Fact: More than a dozen aid agencies working in the territory have said that Israel’s statistics on truck entries “fail to address several vital components necessary for an effective operational response”.
“The mere entry of trucks into Gaza does not guarantee that the supplies reach the intended recipients due to safety and security reasons,” they said, adding that “reported numbers do not differentiate between types of cargo, often mixing commercial goods with critical humanitarian aid, which obscures the real picture of assistance reaching those in crisis.”
CNN has reported on Israel’s arbitrary and contradictory criteria for the entry of aid and the strict rules it enforces at checkpoints.
Mehdi from Zeteo:
What he said:
“The prosecutor of the International Criminal Court has shamefully accused Israel of deliberately starving the people of Gaza. This is utter, complete nonsense. It’s a complete fabrication. Israel has enabled more than 40,000 aid trucks to enter Gaza. That's half a million tons of food, and that's more than 3,000 calories for every man, woman, and child in Gaza.”
What he didn’t say:
Netanyahu didn’t mention how the world’s leading aid agencies – Oxfam, Doctors Without Borders, Save the Children, UNICEF – all reject his rosy image of the aid situation in Gaza and all accuse Israel of blocking aid into Gaza. He didn’t mention that, in April, Oxfam reported that “people in northern Gaza have been forced to survive on an average of 245 calories a day – less than a can of fava beans – since January,” or that the organization also found that “the total food deliveries allowed into Gaza for the entire 2.2 million population – since last October – amounted to an average of just 41 per cent of the daily calories needed per person.”

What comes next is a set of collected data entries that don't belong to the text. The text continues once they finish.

lemma weighted_mean_le:
  fixes w f :: "'a \<Rightarrow> real"
  assumes "finite G" "H \<subseteq> G" "c > 0"
    and G: "\<And>x. x \<in> G \<Longrightarrow> 0 \<le> w x \<and> f x \<le> D"
    and H: "\<And>x. x \<in> H \<Longrightarrow> q \<le> w x \<and> f x \<le> D'"
    and "D' \<le> D"
    and s: "s \<le> c * D + real (card H) * q * (D - D')"
  shows "(s + (\<Sum>x\<in>G. w x * f x)) / (c + (\<Sum>x\<in>G. w x)) \<le> D"
proof -
  have "(\<Sum>x\<in>G. w x * f x) = (\<Sum>x\<in>G - H. w x * f x) + (\<Sum>x\<in>H. w x * f x)"
    using assms(1,2) by (simp add: sum.subset_diff)
  also have "\<dots> \<le> (\<Sum>x\<in>G - H. w x * D) + (\<Sum>x\<in>H. w x * D')"
    using G H assms(2) by (intro add_mono sum_mono mult_left_mono) auto
  also have "\<dots> = (\<Sum>x\<in>G. w x) * D - (\<Sum>x\<in>H. w x * (D - D'))"
  proof -
    have "(\<Sum>x\<in>G. w x) * D = (\<Sum>x\<in>G - H. w x * D) + (\<Sum>x\<in>H. w x * D)"
      using assms(1,2) by (simp add: sum_distrib_right distrib_right sum.subset_diff)
    moreover have "(\<Sum>x\<in>H. w x * D') = (\<Sum>x\<in>H. w x * D) - (\<Sum>x\<in>H. w x * (D - D'))"
      by (simp add: sum_subtractf[symmetric] algebra_simps)
    ultimately show ?thesis by simp
  qed
  finally have "(\<Sum>x\<in>G. w x * f x) \<le> (\<Sum>x\<in>G. w x) * D - (\<Sum>x\<in>H. w x * (D - D'))" .
  moreover have "(\<Sum>x\<in>H. q * (D - D')) \<le> (\<Sum>x\<in>H. w x * (D - D'))"
    using H \<open>D' \<le> D\<close> by (intro sum_mono mult_right_mono) auto
  ultimately have "s + (\<Sum>x\<in>G. w x * f x) \<le> D * (c + (\<Sum>x\<in>G. w x))"
    using s by (simp add: algebra_simps)
  moreover have "c + (\<Sum>x\<in>G. w x) > 0"
    using \<open>c > 0\<close> G by (smt (verit) sum_nonneg)
  ultimately show ?thesis by (simp add: divide_le_eq)
qed

subsection \<open>The comparison sequence\<close>

fun star_age :: "real \<Rightarrow> nat \<Rightarrow> nat \<Rightarrow> real" where
  "star_age a d 0 = a"
| "star_age a d (Suc m) = a + (real m + 1) / (real d + 1) * star_age a d m"

lemma star_age_ge: "a \<ge> 0 \<Longrightarrow> star_age a d m \<ge> a"
  by (induction m) (auto simp: add_increasing2)

lemma star_age_mono:
  assumes "a \<ge> 0" "m \<le> m'"
  shows "star_age a d m \<le> star_age a d m'"
proof -
  have "star_age a d m \<le> star_age a d (Suc m)" for m
  proof (induction m)
    case (Suc m)
    have "(real m + 1) / (real d + 1) * star_age a d m
        \<le> (real (Suc m) + 1) / (real d + 1) * star_age a d (Suc m)"
      using Suc star_age_ge[OF \<open>a \<ge> 0\<close>, of d m] \<open>a \<ge> 0\<close>
      by (intro mult_mono) (auto simp: divide_right_mono)
    then show ?case by simp
  qed (use \<open>a \<ge> 0\<close> in simp)
  then show ?thesis using \<open>m \<le> m'\<close> by (metis incseq_SucI incseqD)
qed

lemma star_age_rec: "(real d + 1) * star_age a d m = (real d + 1) * a + real m * star_age a d (m - 1)"
  by (cases m) (auto simp: field_simps)

lemma star_age_balance:
  assumes "k \<le> d"
  shows "(real k + 1) * star_age a d (d - k)
    + real (d - k) * (star_age a d (d - k) - star_age a d (d - k - 1)) = (real d + 1) * a"
  using star_age_rec[of d a "d - k"] assms by (simp add: of_nat_diff algebra_simps)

He didn’t mention how some aid trucks that were destined for Gaza have been blocked by right-wing Israeli protesters; those protesters are on tape “throwing food packages onto the road and ripping bags of grain open.” He didn’t mention how many aid trucks do pass into Gaza, yes, but then get fired upon by Israeli forces. He didn’t mention the Israeli air strikes on a convoy of World Central Kitchen (WCK) trucks, in which seven food aid workers were targeted "systematically, car by car,” according to celebrity chef and WCK founder José Andrés. He didn’t mention the “Flour Massacre,” in which more than 100 Palestinians were killed after “shots were fired within close range of crowds that had gathered for food,” according to a CNN investigation.
Rafah death toll
Claim: Netanyahu said a commander in Rafah told him that there practically no civilian deaths in the city with the exception of “a single incident where shrapnel from a bomb hit a Hamas weapons depot and unintentionally killed two dozen people.”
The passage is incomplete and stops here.